Harmon played her college ice hockey career with the Clarkson Golden Knights women's ice hockey program and captained Clarkson to consecutive NCAA Women's Ice Hockey Championship titles in 2017 and 2018. In 2018, she was a top-10 finalist for the Patty Kazmaier Award and was named an All-USCHO First Team All-Star.

In 2017, Harmon was drafted in the second round, 6th overall by the Buffalo Beauts. She played the 2018–19 NWHL season with the Beauts, before joining the Buffalo chapter of the PWHPA for the 2019–20 season. She relocated to Minnesota for the 2020–21 PWHPA season and participated in the organization’s Dream Gap Tour and other showcases.
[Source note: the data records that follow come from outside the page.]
(* Let $a\in\mathbb{Q}\setminus\{-1,0,1\}$. For all $B\ge0$ and all sufficiently large $x$, \[ \sum_{\frac{\sqrt{x}}{(\log x)^B}<q^k\le x} \#\{ p\le x : \nu_p(a)=0,\ q^k \mid (p-1)/\mathrm{ord}_p(a) \}\ll_{a,B} \frac{x\log\log x}{(\log x)^2}, \] where the sum is over prime powers $q^k$ ($k\ge1$) in the stated range.
   Context: $p,q$ denote primes; $\nu_p(a)$ is the $p$-adic valuation of $a$; $\mathrm{ord}_p(a)$ is the multiplicative order of $a$ mod $p$. The result is unconditional. *)

theory Defs
  imports "HOL-Analysis.Analysis" "HOL-Number_Theory.Number_Theory"
begin

text \<open>p-adic valuation of a rational number a = n/d (in lowest terms, d > 0);
  by convention the valuation of 0 is 0 (irrelevant here since a \<noteq> 0).\<close>
definition padic_val_rat :: "nat \<Rightarrow> rat \<Rightarrow> int" where
  "padic_val_rat p a = (let (n, d) = quotient_of a in
     int (multiplicity (int p) n) - int (multiplicity (int p) d))"

text \<open>Multiplicative order of a rational a = n/d modulo p (for p not dividing n d):
  least k \<ge> 1 with (n/d)^k \<equiv> 1 mod p, i.e. n^k \<equiv> d^k mod p.\<close>
definition ord_rat :: "nat \<Rightarrow> rat \<Rightarrow> nat" where
  "ord_rat p a = (let (n, d) = quotient_of a in
     (LEAST k::nat. k \<ge> 1 \<and> [n ^ k = d ^ k] (mod int p)))"

end

theory Submission
  imports Defs "HOL-Computational_Algebra.Squarefree" "HOL-Real_Asymp.Real_Asymp"
begin

text \<open>
  Split the primes \<open>p\<close> according to whether \<open>ord\<^sub>p(a) \<le> \<surd>x / (ln x)\<^sup>3\<close>.

  A prime of small order divides \<open>n\<^sup>j - d\<^sup>j \<noteq> 0\<close> for some \<open>j \<le> \<surd>x / (ln x)\<^sup>3\<close>, where \<open>a = n / d\<close>;
  hence there are only \<open>O(x / (ln x)\<^sup>6)\<close> of them, and each index \<open>(p - 1) / ord\<^sub>p(a) \<le> x\<close> has at most
  \<open>log\<^sub>2 x\<close> prime power divisors.

  For a prime of large order, \<open>q\<^sup>k\<close> dividing the index forces \<open>p \<equiv> 1 (mod q\<^sup>k)\<close> and
  \<open>q\<^sup>k < x / ord\<^sub>p(a) \<le> \<surd>x (ln x)\<^sup>3\<close>. The Brun--Titchmarsh inequality, proved here with Selberg's
  \<open>\<Lambda>\<^sup>2\<close> sieve, bounds the number of such \<open>p \<le> x\<close> by \<open>O(x / (q\<^sup>k ln x))\<close>, and the sum of \<open>1 / q\<^sup>k\<close>
  over prime powers in \<open>(\<surd>x / (ln x)\<^sup>B, \<surd>x (ln x)\<^sup>3]\<close> is \<open>O(ln ln x / ln x)\<close> by Chebyshev's bound
  for prime powers, which follows from the same sieve.
\<close>

section \<open>Selberg's sieve weights\<close>

text \<open>For a set \<open>T\<close> of primes, \<open>set_totient T\<close> is Euler's \<open>\<phi>(\<Prod>T)\<close>.\<close>
definition set_totient :: "nat set \<Rightarrow> real" where
  "set_totient T = (\<Prod>l\<in>T. real l - 1)"

lemma set_totient_ge_1: "finite T \<Longrightarrow> \<forall>l\<in>T. l \<ge> 2 \<Longrightarrow> set_totient T \<ge> 1"
  unfolding set_totient_def by (rule prod_ge_1) auto
(* Fix a center $c$ and bandwidth $r>0$, and let $(p^*,q^* )\in(0,1)^2$ maximize $\ell(p,q,K_{c,r})$ over $[0,1]^2$ with finite value. Then, treating $p=p^*,q=q^*,c$ as fixed and differentiating only through the bandwidth, \[ \Big|\frac{\partial}{\partial r}\ell(p^*,q^*,K_{c,r})\Big|\le\frac{4}{e\,r}. \]
   Context: $B\subset\mathbb{R}^d$ finite nonempty, $m:B\to\{0,1\}$, $M=\{x\in B:m(x)=1\}$. $K_{c,r}(x)=\exp(-\|x-c\|^2/r^2)$. For $p,q\in[0,1]$ and $K:B\to[0,1]$: $g(x)=pK(x)+q(1-K(x))$, $\ell(p,q,K)=\frac{1}{|B|}\big(\sum_{x\in M}\log g(x)+\sum_{x\in B\setminus M}\log(1-g(x))\big)$. *)

theory Defs
  imports "HOL-Analysis.Analysis"
begin

definition kern :: "'a::euclidean_space \<Rightarrow> real \<Rightarrow> 'a \<Rightarrow> real" where
  "kern c r x = exp (- (norm (x - c))\<^sup>2 / r\<^sup>2)"

definition marked :: "'a set \<Rightarrow> ('a \<Rightarrow> nat) \<Rightarrow> 'a set" where
  "marked B m = {x \<in> B. m x = 1}"

definition gfun :: "real \<Rightarrow> real \<Rightarrow> ('a \<Rightarrow> real) \<Rightarrow> 'a \<Rightarrow> real" where
  "gfun p q K x = p * K x + q * (1 - K x)"

text \<open>Log-likelihood (real-valued; meaningful when finite, see ll_finite).\<close>
definition ll :: "'a set \<Rightarrow> ('a \<Rightarrow> nat) \<Rightarrow> real \<Rightarrow> real \<Rightarrow> ('a \<Rightarrow> real) \<Rightarrow> real" where
  "ll B m p q K = (1 / real (card B)) *
     ((\<Sum>x\<in>marked B m. ln (gfun p q K x)) + (\<Sum>x\<in>B - marked B m. ln (1 - gfun p q K x)))"

definition ll_finite :: "'a set \<Rightarrow> ('a \<Rightarrow> nat) \<Rightarrow> real \<Rightarrow> real \<Rightarrow> ('a \<Rightarrow> real) \<Rightarrow> bool" where
  "ll_finite B m p q K \<longleftrightarrow>
     (\<forall>x\<in>marked B m. gfun p q K x > 0) \<and> (\<forall>x\<in>B - marked B m. 1 - gfun p q K x > 0)"

end

theory Submission
  imports Defs
begin

text \<open>Write \<open>g = p K + q (1 - K)\<close> and \<open>M = marked B m\<close>. At a maximiser, rescaling
  \<open>(p, q)\<close> to \<open>(y p, y q)\<close> multiplies \<open>g\<close> by \<open>y\<close>, and rescaling \<open>(1 - p, 1 - q)\<close> by \<open>y\<close>
  multiplies \<open>1 - g\<close> by \<open>y\<close>; the first-order conditions at \<open>y = 1\<close> say that the sums of
  \<open>1 / g\<close> over \<open>M\<close> and of \<open>1 / (1 - g)\<close> over \<open>B - M\<close> both equal \<open>|B|\<close>. The bandwidth
  derivative of the likelihood is \<open>(p - q) / |B|\<close> times the difference of the same sums with
  weights \<open>\<partial>\<^sub>r K = (2 / r) t e\<^sup>-\<^sup>t\<close>, \<open>t = |x - c|\<^sup>2 / r\<^sup>2\<close>, and \<open>0 \<le> t e\<^sup>-\<^sup>t \<le> 1 / e\<close>.\<close>

lemma convex_comb_in_unit_interval:
  fixes p q k :: real
  assumes "p \<in> {0<..<1}" "q \<in> {0<..<1}" "k \<in> {0..1}"
  shows "p * k + q * (1 - k) \<in> {0<..<1}"
proof -
  have "k * p + (1 - k) * q < 1" "k * (- p) + (1 - k) * (- q) < 0"
    using assms by (intro convex_bound_lt; simp)+
  then show ?thesis by (simp add: algebra_simps)
qed

lemma mult_in_unit_interval_near_one:
  fixes p y :: real
  assumes "p \<in> {0<..<1}" "\<bar>1 - y\<bar> < 1 - p"
  shows "y * p \<in> {0<..<1}"
proof -
  have y: "0 < y" "y < 2 - p" using assms by auto
  then have "y * p < (2 - p) * p"
    using assms by (intro mult_strict_right_mono) auto
  also have "\<dots> = 1 - (1 - p)\<^sup>2"
    by (simp add: power2_eq_square algebra_simps)
  also have "\<dots> \<le> 1" by simp
  finally show ?thesis using y assms by auto
qed

lemma kern_in_unit_interval: "kern c r x \<in> {0<..1}"
  unfolding kern_def by (auto intro: divide_nonneg_nonneg)

lemma gfun_kern_in_unit_interval:
  assumes "p \<in> {0<..<1}" "q \<in> {0<..<1}"
  shows "gfun p q (kern c r) x \<in> {0<..<1}"
  unfolding gfun_def using kern_in_unit_interval[of c r x]
  by (intro convex_comb_in_unit_interval assms) auto

lemma ll_finite_kern:
  assumes "p \<in> {0<..<1}" "q \<in> {0<..<1}"
  shows "ll_finite B m p q (kern c r)"
  using gfun_kern_in_unit_interval[OF assms] unfolding ll_finite_def by auto

lemma mult_exp_neg_le:
  fixes t :: real
  shows "t * exp (- t) \<le> exp (- 1)"
proof -
  have "t \<le> exp (t - 1)"
    using exp_ge_add_one_self[of "t - 1"] by simp
  then show ?thesis by (simp add: exp_diff exp_minus field_simps)
qed

definition kern_deriv :: "'a::euclidean_space \<Rightarrow> real \<Rightarrow> 'a \<Rightarrow> real" where
  "kern_deriv c r x = 2 * (norm (x - c))\<^sup>2 / r ^ 3 * kern c r x"

lemma kern_has_real_derivative:
  assumes "r > 0"
  shows "((\<lambda>s. kern c s x) has_real_derivative kern_deriv c r x) (at r)"
  unfolding kern_def kern_deriv_def using assms
  by (auto intro!: derivative_eq_intros simp: field_simps power2_eq_square power3_eq_cube)

lemma kern_deriv_bounds:
  assumes "r > 0"
  shows "kern_deriv c r x \<in> {0..2 / (exp 1 * r)}"
proof -
  define t where "t = (norm (x - c))\<^sup>2 / r\<^sup>2"
  have eq: "kern_deriv c r x = 2 / r * (t * exp (- t))"
    unfolding kern_deriv_def kern_def t_def using assms
    by (simp add: field_simps power3_eq_cube power2_eq_square)
  have "2 / r * (t * exp (- t)) \<le> 2 / r * exp (- 1)"
    using assms mult_exp_neg_le[of t] by (intro mult_left_mono) auto
  also have "\<dots> = 2 / (exp 1 * r)"
    by (simp add: exp_minus field_simps)
  finally show ?thesis
    using assms unfolding eq by (simp add: t_def)
qed

lemma sum_inverse_eq_card_if_max_under_scaling:
  fixes g :: "'a \<Rightarrow> real"
  assumes "finite M" "finite N" "\<And>x. x \<in> M \<Longrightarrow> g x > 0"
    and "\<And>x. x \<in> N \<Longrightarrow> g x < 1" and "d > 0"
    and max: "\<And>y. \<bar>1 - y\<bar> < d \<Longrightarrow>
      (\<Sum>x\<in>M. ln (y * g x)) + (\<Sum>x\<in>N. ln (1 - y * g x)) \<le>
      (\<Sum>x\<in>M. ln (g x)) + (\<Sum>x\<in>N. ln (1 - g x))"
  shows "(\<Sum>x\<in>N. 1 / (1 - g x)) = card M + card N"
proof -
  let ?F = "\<lambda>y. (\<Sum>x\<in>M. ln (y * g x)) + (\<Sum>x\<in>N. ln (1 - y * g x))"
  have "((\<lambda>y. ln (y * g x)) has_real_derivative 1) (at 1)" if "x \<in> M" for x
    using assms(3)[OF that] by (auto intro!: derivative_eq_intros)
  moreover have "((\<lambda>y. ln (1 - y * g x)) has_real_derivative - g x / (1 - g x)) (at 1)"
    if "x \<in> N" for x
    using assms(4)[OF that] by (auto intro!: derivative_eq_intros simp: field_simps)
  ultimately have "(?F has_real_derivative (\<Sum>x\<in>M. 1) + (\<Sum>x\<in>N. - g x / (1 - g x))) (at 1)"
    by (intro DERIV_add DERIV_sum) auto
  then have "(\<Sum>x\<in>M. 1) + (\<Sum>x\<in>N. - g x / (1 - g x)) = 0"
    by (rule DERIV_local_max[OF _ \<open>d > 0\<close>]) (use max in auto)
  then have "(\<Sum>x\<in>N. g x / (1 - g x)) = card M"
    by (simp add: sum_negf)
  moreover have "(\<Sum>x\<in>N. 1 / (1 - g x)) = (\<Sum>x\<in>N. 1 + g x / (1 - g x))"
  proof (rule sum.cong)
    fix x assume "x \<in> N"
    with assms(4) have "g x < 1" by blast
    then show "1 / (1 - g x) = 1 + g x / (1 - g x)" by (simp add: field_simps)
  qed simp
  ultimately show ?thesis by (simp add: sum.distrib)
qed

lemma card_mult_ll:
  assumes "finite B" "B \<noteq> {}"
  shows "card B * ll B m p q K =
    (\<Sum>x\<in>marked B m. ln (gfun p q K x)) + (\<Sum>x\<in>B - marked B m. ln (1 - gfun p q K x))"
  using assms unfolding ll_def by simp

lemma ll_max_sum_inverse_eq_card:
  fixes K :: "'a \<Rightarrow> real"
  assumes "finite B" "B \<noteq> {}" "\<forall>x\<in>B. K x \<in> {0..1}"
    and ps: "ps \<in> {0<..<1}" and qs: "qs \<in> {0<..<1}"
    and max: "\<And>p q. p \<in> {0<..<1} \<Longrightarrow> q \<in> {0<..<1} \<Longrightarrow> ll B m p q K \<le> ll B m ps qs K"
  shows "(\<Sum>x\<in>marked B m. 1 / gfun ps qs K x) = card B"
    and "(\<Sum>x\<in>B - marked B m. 1 / (1 - gfun ps qs K x)) = card B"
proof -
  define M where "M = marked B m"
  define g where "g = gfun ps qs K"
  have fin: "finite M" "finite (B - M)" and card: "card M + card (B - M) = card B"
    using assms(1) card_Diff_subset[of M B] card_mono[of B M]
    unfolding M_def marked_def by (auto intro: finite_subset)
  have g01: "g x \<in> {0<..<1}" if "x \<in> B" for x
    unfolding g_def gfun_def using assms(3) that ps qs by (intro convex_comb_in_unit_interval) auto
  have max_sums: "(\<Sum>x\<in>M. ln (gfun p q K x)) + (\<Sum>x\<in>B - M. ln (1 - gfun p q K x)) \<le>
      (\<Sum>x\<in>M. ln (g x)) + (\<Sum>x\<in>B - M. ln (1 - g x))"
    if "p \<in> {0<..<1}" "q \<in> {0<..<1}" for p q
    using max[OF that] assms(1,2) unfolding M_def g_def card_mult_ll[OF assms(1,2), symmetric]
    by (simp add: card_gt_0_iff)
  have "(\<Sum>x\<in>B - M. 1 / (1 - g x)) = card M + card (B - M)"
  proof (rule sum_inverse_eq_card_if_max_under_scaling[OF fin])
    show "0 < min (1 - ps) (1 - qs)" using ps qs by simp
    fix y assume "\<bar>1 - y\<bar> < min (1 - ps) (1 - qs)"
    then have "y * ps \<in> {0<..<1}" "y * qs \<in> {0<..<1}"
      using ps qs by (intro mult_in_unit_interval_near_one; simp)+
    from max_sums[OF this]
    show "(\<Sum>x\<in>M. ln (y * g x)) + (\<Sum>x\<in>B - M. ln (1 - y * g x))
      \<le> (\<Sum>x\<in>M. ln (g x)) + (\<Sum>x\<in>B - M. ln (1 - g x))"
      unfolding g_def gfun_def by (simp add: algebra_simps)
  qed (use g01 in \<open>auto simp: M_def marked_def\<close>)
  then show "(\<Sum>x\<in>B - marked B m. 1 / (1 - gfun ps qs K x)) = card B"
    using card unfolding M_def g_def by simp
  have "(\<Sum>x\<in>M. 1 / (1 - (1 - g x))) = card (B - M) + card M"
  proof (rule sum_inverse_eq_card_if_max_under_scaling[OF fin(2,1)])
    show "0 < min ps qs" using ps qs by simp
    fix y assume "\<bar>1 - y\<bar> < min ps qs"
    then have "y * (1 - ps) \<in> {0<..<1}" "y * (1 - qs) \<in> {0<..<1}"
      using ps qs by (intro mult_in_unit_interval_near_one; simp)+
    then have "1 - y * (1 - ps) \<in> {0<..<1}" "1 - y * (1 - qs) \<in> {0<..<1}"
      by auto
    from max_sums[OF this]
    show "(\<Sum>x\<in>B - M. ln (y * (1 - g x))) + (\<Sum>x\<in>M. ln (1 - y * (1 - g x)))
      \<le> (\<Sum>x\<in>B - M. ln (1 - g x)) + (\<Sum>x\<in>M. ln (1 - (1 - g x)))"
      unfolding g_def gfun_def by (simp add: algebra_simps)
  qed (use g01 in \<open>auto simp: M_def marked_def\<close>)
  then show "(\<Sum>x\<in>marked B m. 1 / gfun ps qs K x) = card B"
    using card unfolding M_def g_def by simp
qed

lemma ll_kern_has_real_derivative:
  assumes "r > 0" "ps \<in> {0<..<1}" "qs \<in> {0<..<1}"
  shows "((\<lambda>s. ll B m ps qs (kern c s)) has_real_derivative
    (ps - qs) / card B *
      ((\<Sum>x\<in>marked B m. kern_deriv c r x / gfun ps qs (kern c r) x) -
       (\<Sum>x\<in>B - marked B m. kern_deriv c r x / (1 - gfun ps qs (kern c r) x)))) (at r)"
proof -
  let ?g = "gfun ps qs (kern c r)"
  have g01: "?g x \<in> {0<..<1}" for x
    using assms(2,3) by (rule gfun_kern_in_unit_interval)
  have "((\<lambda>s. ln (gfun ps qs (kern c s) x)) has_real_derivative
      (ps - qs) * (kern_deriv c r x / ?g x)) (at r)" for x
    using g01[of x] unfolding gfun_def
    by (auto intro!: derivative_eq_intros kern_has_real_derivative[OF assms(1)]
        simp: field_simps)
  moreover have "((\<lambda>s. ln (1 - gfun ps qs (kern c s) x)) has_real_derivative
      - ((ps - qs) * (kern_deriv c r x / (1 - ?g x)))) (at r)" for x
    using g01[of x] unfolding gfun_def
    by (auto intro!: derivative_eq_intros kern_has_real_derivative[OF assms(1)]
        simp: field_simps)
  ultimately have "((\<lambda>s. ll B m ps qs (kern c s)) has_real_derivative
      1 / card B * ((\<Sum>x\<in>marked B m. (ps - qs) * (kern_deriv c r x / ?g x)) +
        (\<Sum>x\<in>B - marked B m. - ((ps - qs) * (kern_deriv c r x / (1 - ?g x)))))) (at r)"
    unfolding ll_def by (intro DERIV_cmult DERIV_add DERIV_sum)
  then show ?thesis
    by (rule DERIV_cong) (simp add: sum_distrib_left sum_negf right_diff_distrib)
qed

lemma sum_div_le_mult_sum_inverse:
  fixes k w :: "'a \<Rightarrow> real"
  assumes "\<And>x. x \<in> A \<Longrightarrow> k x \<in> {0..C}" "\<And>x. x \<in> A \<Longrightarrow> w x > 0"
  shows "(\<Sum>x\<in>A. k x / w x) \<in> {0..C * (\<Sum>x\<in>A. 1 / w x)}"
proof -
  have "(\<Sum>x\<in>A. k x / w x) \<le> (\<Sum>x\<in>A. C / w x)"
    using assms by (intro sum_mono divide_right_mono) (auto intro: less_imp_le)
  moreover have "0 \<le> (\<Sum>x\<in>A. k x / w x)"
    using assms by (intro sum_nonneg divide_nonneg_pos) auto
  ultimately show ?thesis by (simp add: sum_distrib_left)
qed

lemma abs_scaled_diff_le:
  fixes a n S T C :: real
  assumes "\<bar>a\<bar> \<le> 1" "n > 0" "S \<in> {0..C * n}" "T \<in> {0..C * n}"
  shows "\<bar>a / n * (S - T)\<bar> \<le> C"
proof -
  have "\<bar>S - T\<bar> \<le> C * n" using assms(3,4) by auto
  then have "\<bar>a\<bar> * \<bar>S - T\<bar> \<le> 1 * (C * n)"
    using assms(1) by (intro mult_mono) auto
  moreover have "\<bar>a / n * (S - T)\<bar> = \<bar>a\<bar> * \<bar>S - T\<bar> / n"
    using assms(2) by (simp add: abs_mult)
  ultimately show ?thesis
    using assms(2) by (simp add: divide_le_eq)
qed

theorem lemmaA6:
  fixes B :: "'a::euclidean_space set" and m :: "'a \<Rightarrow> nat"
    and c :: 'a and r ps qs :: real
  assumes "finite B" and "B \<noteq> {}"
    and "\<forall>x\<in>B. m x \<in> {0, 1}"
    and "r > 0"
    and "ps \<in> {0<..<1}" and "qs \<in> {0<..<1}"
    and "ll_finite B m ps qs (kern c r)"
    and "\<forall>p\<in>{0..1}. \<forall>q\<in>{0..1}. ll_finite B m p q (kern c r) \<longrightarrow>
           ll B m p q (kern c r) \<le> ll B m ps qs (kern c r)"
  shows "\<exists>D. ((\<lambda>s. ll B m ps qs (kern c s)) has_real_derivative D) (at r)
             \<and> \<bar>D\<bar> \<le> 4 / (exp 1 * r)"
proof -
  \<comment> \<open>Neither the 0/1 values of \<open>m\<close> nor \<open>ll_finite\<close> at the maximiser are needed, and the
    argument gives the sharper bound \<open>C = 2 / (e r)\<close>.\<close>
  define g where "g = gfun ps qs (kern c r)"
  define C where "C = 2 / (exp 1 * r)"
  have max: "ll B m p q (kern c r) \<le> ll B m ps qs (kern c r)"
    if "p \<in> {0<..<1}" "q \<in> {0<..<1}" for p q
    using assms(8) ll_finite_kern[OF that, of B m c r] that by auto
  have "\<forall>x\<in>B. kern c r x \<in> {0..1}"
    using kern_in_unit_interval[of c r] by (metis atLeastAtMost_iff greaterThanAtMost_iff less_eq_real_def)
  then have sum_inverse: "(\<Sum>x\<in>marked B m. 1 / g x) = card B"
      "(\<Sum>x\<in>B - marked B m. 1 / (1 - g x)) = card B"
    using ll_max_sum_inverse_eq_card[OF assms(1,2) _ assms(5,6)] max unfolding g_def by blast+
  have g: "0 < g x" "0 < 1 - g x" for x
    using gfun_kern_in_unit_interval[OF assms(5,6), of c r x] unfolding g_def by auto
  have kd: "kern_deriv c r x \<in> {0..C}" for x
    unfolding C_def by (rule kern_deriv_bounds[OF assms(4)])
  have "(\<Sum>x\<in>marked B m. kern_deriv c r x / g x) \<in> {0..C * card B}"
    "(\<Sum>x\<in>B - marked B m. kern_deriv c r x / (1 - g x)) \<in> {0..C * card B}"
    using sum_div_le_mult_sum_inverse[of "marked B m" "kern_deriv c r" C g]
      sum_div_le_mult_sum_inverse[of "B - marked B m" "kern_deriv c r" C "\<lambda>x. 1 - g x"]
    unfolding sum_inverse using kd g by blast+
  then have "\<bar>(ps - qs) / card B * ((\<Sum>x\<in>marked B m. kern_deriv c r x / g x) -
      (\<Sum>x\<in>B - marked B m. kern_deriv c r x / (1 - g x)))\<bar> \<le> C"
    using assms(1,2,5,6) by (intro abs_scaled_diff_le) (auto simp: card_gt_0_iff)
  moreover have "C \<le> 4 / (exp 1 * r)"
    unfolding C_def using assms(4) by (simp add: frac_le)
  ultimately show ?thesis
    using ll_kern_has_real_derivative[OF assms(4-6)] unfolding g_def by fastforce
qed

end
lemma polyfun_prod: "(\<And>a. a \<in> A \<Longrightarrow> polyfun (f a)) \<Longrightarrow> polyfun (\<lambda>t. \<Prod>a\<in>A. f a t)"
  by (induction A rule: infinite_finite_induct) (auto intro: polyfun_mult polyfun_const)

lemmas polyfun_intros =
  polyfun_sum polyfun_prod polyfun_mult polyfun_power polyfun_linear polyfun_const

lemma polyfun_represents_line:
  assumes "represents c f"
  shows "polyfun (\<lambda>t. f (x + t *s v))"
proof -
  from assms have f: "\<And>x. f x = (\<Sum>m\<in>{m. c m \<noteq> 0}. c m * monom_eval m x)"
    by (auto simp: represents_def)
  show ?thesis
    unfolding f monom_eval_def by (auto intro!: polyfun_intros)
qed

lemma polyfun_coeffs_partial_line: "polyfun (\<lambda>t. coeffs_partial c j (x + t *s v))"
  unfolding coeffs_partial_def monom_partial_def by (auto intro!: polyfun_intros)

lemma poly_eq_0_if_vanishes_on_nats:
  fixes p :: "complex poly"
  assumes "\<And>n::nat. poly p (of_nat n) = 0"
  shows "p = 0"
proof (rule ccontr)
  assume "p \<noteq> 0"
  then have "finite {x. poly p x = 0}"
    by (rule poly_roots_finite)
  moreover have "range (of_nat :: nat \<Rightarrow> complex) \<subseteq> {x. poly p x = 0}"
    using assms by auto
  ultimately have "finite (range (of_nat :: nat \<Rightarrow> complex))"
    by (rule rev_finite_subset)
  then show False
    using finite_imageD inj_of_nat by blast
qed

text \<open>Uniqueness for the linear system \<open>W' = -AW\<close>, \<open>W(0) = 0\<close> over polynomials: the
  coefficient of \<open>t^(k+1)\<close> in \<open>W\<close> is determined by those of degree \<open>\<le> k\<close>.\<close>
lemma poly_linear_system_zero:
  fixes W :: "'n::finite \<Rightarrow> complex poly" and A :: "'n \<Rightarrow> 'n \<Rightarrow> complex poly"
  assumes "\<And>i. coeff (W i) 0 = 0"
    and "\<And>i. pderiv (W i) = - (\<Sum>j\<in>UNIV. A i j * W j)"
  shows "W i = 0"
proof -
  have "\<forall>i. coeff (W i) n = 0" for n
  proof (induction n rule: less_induct)
    case (less n)
    show ?case
    proof (cases n)
      case 0
      then show ?thesis
        using assms(1) by simp
    next
      case (Suc k)
      show ?thesis
      proof
        fix i
        have "coeff (pderiv (W i)) k = - (\<Sum>j\<in>UNIV. \<Sum>a\<le>k. coeff (A i j) a * coeff (W j) (k - a))"
          by (simp add: assms(2) coeff_sum coeff_mult)
        also have "\<dots> = 0"
          using less.IH Suc by (auto intro!: sum.neutral)
        finally have "of_nat (Suc k) * coeff (W i) (Suc k) = 0"
          by (simp add: coeff_pderiv)
        then show "coeff (W i) n = 0"
          using Suc by (simp del: of_nat_Suc)
      qed
    qed
  qed
  then show ?thesis
    by (simp add: poly_eq_iff)
qed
Harmon was drafted in the first round, fifth overall by the PWHL Ottawa in the 2023 PWHL draft. On December 30, 2024, she, alongside Hayley Scamurra, was traded to the Toronto Sceptres in exchange for Jocelyne Larocque and Victoria Bach.

Harmon announced her retirement on May 28, 2026, at the age of 30.

==International play==
Harmon made her debut with the United States women's national ice hockey team in the last three games of the 2019–20 Rivalry Series, a five-game series of international friendlies played between Team USA and the Canadian national team.

She was officially named to the US roster for the 2020 IIHF Women's World Championship before the tournament was canceled due to the COVID-19 pandemic. Undeterred, she re-earned a spot on the roster for the 2021 IIHF Women's World Championship.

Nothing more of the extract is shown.